The company remains focused on inventory reduction to boost cash-flow performance. Improvements in supply-chain initiatives are expected to drive margin performance.
However, the weak global macroeconomic backdrop, forex fluctuations and fierce competition are concerns for the company. Increasing expenses is likely to weigh on its margin’s performance. For the third quarter of 2024, it expects operating expenses in the range of $64-$66 million amid higher research and development expenses.
Estimate Revision Activity for ONTO
In the past 60 days, analysts have increased their earnings estimates for the current quarter by 2.3%, whereas estimates for the next quarter remain unchanged. The earnings estimate for the current and the next year has been revised upward by 1.4% and 2.7%, respectively.
Image Source: Zacks Investment Research
ONTO’s Expensive Valuation
ONTO stock is trading at a premium, with a forward 12-month Price/earnings multiple of 36.55 compared with the industry’s multiple of 7.2.

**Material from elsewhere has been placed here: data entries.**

(* Let $n\in\mathbb{N}$ and let $\mathcal{F}_1,\dots,\mathcal{F}_{n+1}$ be non-empty collections of closed intervals in $\mathbb{R}$ such that every colorful $(n+1)$-tuple is $n$-pierceable. Then there exist $i\in[n+1]$ and, for every $k\in[n+1]$ with $k\neq i$, an interval $F_k\in\mathcal{F}_k$ such that $\mathcal{F}_i\cup\{F_k: k\in[n+1],\,k\neq i\}$ is $n$-pierceable.
   Context: A family $\mathcal{F}$ of subsets of $\mathbb{R}$ is $n$-pierceable if there is $A\subseteq\mathbb{R}$ with $|A|\le n$ meeting every member of $\mathcal{F}$. A colorful $(n+1)$-tuple from $\mathcal{F}_1,\dots,\mathcal{F}_{n+1}$ is a tuple $(C_1,\dots,C_{n+1})$ with $C_j\in\mathcal{F}_{i_j}$ for pairwise distinct indices $i_1,\dots,i_{n+1}$ (i.e., one member from each family). *)

theory Defs
  imports Main Complex_Main
begin

definition pierceable :: "nat \<Rightarrow> real set set \<Rightarrow> bool" where
  "pierceable n \<F> \<longleftrightarrow> (\<exists>A. finite A \<and> card A \<le> n \<and> (\<forall>S\<in>\<F>. A \<inter> S \<noteq> {}))"

definition closed_interval :: "real set \<Rightarrow> bool" where
  "closed_interval S \<longleftrightarrow> (\<exists>a b. a \<le> b \<and> S = {a..b})"

end

theory Submission
  imports Defs
begin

Image Source: Zacks Investment Research
Is It a Good Time to Invest in ONTO Stock?
Strength in the Dragonfly system and emerging business opportunities, driven by higher demand for advanced packaging of AI computing devices, bodes well for ONTO. Though its premium valuation may raise eyebrows, we believe that ONTO’s focus on process control makes it well-positioned to capitalize on almost every aspect of the semiconductor industry, including 5G, 3D NAND and advanced packaging. The industry's transition to 3D NAND should help the company to further expand the available market.

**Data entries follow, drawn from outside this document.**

lemma two_collisions_of_card_image_le_2:
  assumes X: "card X = 4" and img: "card (f ` X) \<le> 2"
    and no_triple: "\<And>p q r. p \<in> X \<Longrightarrow> q \<in> X \<Longrightarrow> r \<in> X \<Longrightarrow> p \<noteq> q \<Longrightarrow> p \<noteq> r \<Longrightarrow> q \<noteq> r \<Longrightarrow>
      f p = f q \<Longrightarrow> f p = f r \<Longrightarrow> False"
  obtains p1 p2 p3 p4 where "X = {p1, p2, p3, p4}" "distinct [p1, p2, p3, p4]"
    "f p1 = f p2" "f p3 = f p4"
proof -
  have fin: "finite X" using X by (metis card.infinite zero_neq_numeral)
  have "\<not> inj_on f X" using X img inj_on_iff_eq_card[OF fin, of f] by simp
  then obtain p1 p2 where p12: "p1 \<in> X" "p2 \<in> X" "p1 \<noteq> p2" "f p1 = f p2"
    unfolding inj_on_def by blast
  have "card (X - {p1, p2}) = 2" using X p12 by (simp add: card_Diff_subset)
  then obtain p3 p4 where p34: "X - {p1, p2} = {p3, p4}" "p3 \<noteq> p4"
    by (auto simp: card_2_iff)
  have X_eq: "X = {p1, p2, p3, p4}" using p12 p34 by blast
  have dist: "distinct [p1, p2, p3, p4]" using p12 p34 by auto
  have "f p3 \<noteq> f p1" "f p4 \<noteq> f p1"
    using no_triple[of p1 p2 p3] no_triple[of p1 p2 p4] p12 dist X_eq by auto
  moreover have "card {f p1, f p3, f p4} \<le> 2" using img X_eq p12 by simp
  ultimately have "f p3 = f p4" by (cases "f p3 = f p4") auto
  then show thesis using that X_eq dist p12 by blast
qed

lemma obtain_snd_section:
  assumes "\<And>b. b \<in> A \<Longrightarrow> \<exists>k. (k, b) \<in> Q"
  obtains X where "X \<subseteq> Q" "inj_on snd X" "snd ` X = A"
proof
  define k where "k b = (SOME k. (k, b) \<in> Q)" for b
  have kb: "(k b, b) \<in> Q" if "b \<in> A" for b
    unfolding k_def using someI_ex[OF assms[OF that]] .
  show "(\<lambda>b. (k b, b)) ` A \<subseteq> Q" using kb by auto
  show "inj_on snd ((\<lambda>b. (k b, b)) ` A)" by (auto intro: inj_onI)
  show "snd ` (\<lambda>b. (k b, b)) ` A = A" by (simp add: image_image)
qed

definition distinct_pairs :: "'a set \<Rightarrow> ('a \<times> 'a) set" where
  "distinct_pairs A = {(h, h'). h \<in> A \<and> h' \<in> A \<and> h \<noteq> h'}"

definition left_quot :: "('a, 'b) monoid_scheme \<Rightarrow> 'a \<times> 'a \<Rightarrow> 'a" where
  "left_quot G p = inv\<^bsub>G\<^esub> (fst p) \<otimes>\<^bsub>G\<^esub> snd p"

definition adj_pairs :: "('a, 'b) monoid_scheme \<Rightarrow> 'a set \<Rightarrow> 'a set \<Rightarrow> 'a \<Rightarrow> ('a \<times> 'a) set" where
  "adj_pairs G A B g = {p \<in> distinct_pairs A. left_quot G p \<otimes>\<^bsub>G\<^esub> g \<in> B}"

lemma adj_pairs_subset: "adj_pairs G A B g \<subseteq> distinct_pairs A"
  unfolding adj_pairs_def by auto

lemma finite_distinct_pairs: "finite A \<Longrightarrow> finite (distinct_pairs A)"
  by (rule finite_subset[of _ "A \<times> A"]) (auto simp: distinct_pairs_def)

lemma card_distinct_pairs:
  assumes "finite A"
  shows "card (distinct_pairs A) = card A * card A - card A"
proof -
  have "distinct_pairs A = A \<times> A - (\<lambda>x. (x, x)) ` A"
    unfolding distinct_pairs_def by auto
  moreover have "card ((\<lambda>x. (x, x)) ` A) = card A"
    by (rule card_image) (auto simp: inj_on_def)
  ultimately show ?thesis
    using assms by (simp add: card_Diff_subset card_cartesian_product image_subset_iff)
qed

definition f2_reps :: "('a, 'b) monoid_scheme \<Rightarrow> 'a set \<Rightarrow> 'a set \<Rightarrow> 'a \<Rightarrow> ('a \<times> 'a) set" where
  "f2_reps G A B z = {(h, y). h \<in> A \<and> y \<in> B \<and> h \<otimes>\<^bsub>G\<^esub> y = z}"

lemma f2_mult_eq: "f2_mult G A B = {z \<in> carrier G. odd (card (f2_reps G A B z))}"
  unfolding f2_mult_def f2_reps_def ..

lemma even_card_f2_reps: "f2_mult G A B = {} \<Longrightarrow> z \<in> carrier G \<Longrightarrow> even (card (f2_reps G A B z))"
  unfolding f2_mult_eq by blast

lemma finite_f2_reps: "finite A \<Longrightarrow> finite B \<Longrightarrow> finite (f2_reps G A B z)"
  by (rule finite_subset[of _ "A \<times> B"]) (auto simp: f2_reps_def)

lemma finite_f2_mult:
  assumes "finite A" "finite B"
  shows "finite (f2_mult G A B)"
proof (rule finite_subset)
  show "f2_mult G A B \<subseteq> (\<lambda>(h, y). h \<otimes>\<^bsub>G\<^esub> y) ` (A \<times> B)"
  proof
    fix z assume "z \<in> f2_mult G A B"
    then have "f2_reps G A B z \<noteq> {}" unfolding f2_mult_eq by (auto simp: card_eq_0_iff)
    then show "z \<in> (\<lambda>(h, y). h \<otimes>\<^bsub>G\<^esub> y) ` (A \<times> B)" unfolding f2_reps_def by force
  qed
qed (use assms in simp)

lemma card_f2_reps_Un:
  assumes "A1 \<inter> A2 = {}" "finite A1" "finite A2" "finite B"
  shows "card (f2_reps G (A1 \<union> A2) B z) = card (f2_reps G A1 B z) + card (f2_reps G A2 B z)"
proof -
  have "f2_reps G (A1 \<union> A2) B z = f2_reps G A1 B z \<union> f2_reps G A2 B z"
    "f2_reps G A1 B z \<inter> f2_reps G A2 B z = {}"
    using assms(1) unfolding f2_reps_def by auto
  then show ?thesis using assms by (simp add: card_Un_disjoint finite_f2_reps)
qed

context group
begin

lemma left_translation_stable_imp_one:
  assumes tf: "torsion_free G" and y: "y \<in> carrier G"
    and X: "X \<subseteq> carrier G" "finite X" "z \<in> X" and stable: "\<And>x. x \<in> X \<Longrightarrow> y \<otimes> x \<in> X"
  shows "y = \<one>"
proof (rule ccontr)
  assume "y \<noteq> \<one>"
  have zc: "z \<in> carrier G" using X by auto
  have orbit: "y [^] n \<otimes> z \<in> X" for n :: nat
  proof (induction n)
    case (Suc n)
    have "y [^] Suc n \<otimes> z = y \<otimes> (y [^] n \<otimes> z)"
      using y zc by (simp only: nat_pow_Suc2[OF y] m_assoc nat_pow_closed)
    then show ?case using stable Suc by simp
  qed (use X zc in simp)
  have "\<not> inj (\<lambda>n::nat. y [^] n \<otimes> z)"
    using inj_on_finite[of _ UNIV X] orbit X(2) by auto
  then obtain m n :: nat where "m \<noteq> n" "y [^] m \<otimes> z = y [^] n \<otimes> z"
    unfolding inj_def by blast
  then have "m \<noteq> n" "y [^] m = y [^] n" using y zc by simp_all
  then obtain m n :: nat where mn: "m < n" "y [^] m = y [^] n"
    by (metis linorder_neqE_nat)
  then have "y [^] (n - m) = \<one>" using y pow_eq_div2 by metis
  then show False using tf y \<open>y \<noteq> \<one>\<close> mn(1) unfolding torsion_free_def by auto
qed

lemma inv_eq_self_imp_one:
  assumes tf: "torsion_free G" and t: "t \<in> carrier G" and "inv t = t"
  shows "t = \<one>"
proof -
  have "t [^] (2::nat) = t \<otimes> inv t"
    using t assms(3) by (simp add: numeral_2_eq_2)
  then have "t [^] (2::nat) = \<one>" using t by simp
  then show ?thesis using tf t unfolding torsion_free_def by auto
qed

lemma left_quot_closed:
  "h \<in> carrier G \<Longrightarrow> h' \<in> carrier G \<Longrightarrow> left_quot G (h, h') \<in> carrier G"
  by (simp add: left_quot_def)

Consequently, investors should keep an eye on this Zacks Rank #2 (Buy) stock. Apart from a favorable rank, ONTO has a Growth Score of B. Per Zacks’ proprietary methodology, stocks with a combination of a Zacks Rank #1 (Strong Buy) or 2 and a Growth Score of A or B offer solid investment opportunities.
Other Stocks to Consider
Some other top-ranked stocks worth consideration in the broader technology space are Itron (ITRI - Free Report) , NetApp (NTAP - Free Report) and BlackBerry (BB - Free Report) , each currently sporting a Zacks Rank #1. You can see the complete list of today’s Zacks #1 Rank stocks here.
The Zacks Consensus Estimate for ITRI’s 2024 EPS is pegged at $4.58, unchanged in the past seven days. Itron’s earnings beat the Zacks Consensus Estimate in each of the trailing four quarters, with the average surprise being 57%. The stock has surged 87.4% in the past year.
The Zacks Consensus Estimate for NTAP’s fiscal 2025 earnings is pegged at $7.08, unchanged in the past seven days. NTAP’s earnings beat the Zacks Consensus Estimate in each of the trailing four quarters, with the average surprise being 8.6%. Its shares have gained 67% in the past year.
The Zacks Consensus Estimate for BlackBerry’s fiscal 2025 EPS is pegged at a loss of 2 cents, improved from a loss of 5 cents in the past seven days. BB’s earnings beat the Zacks Consensus Estimate in each of the trailing four quarters, with the average surprise being 131.3%. Its shares have declined 32.9% in the past year.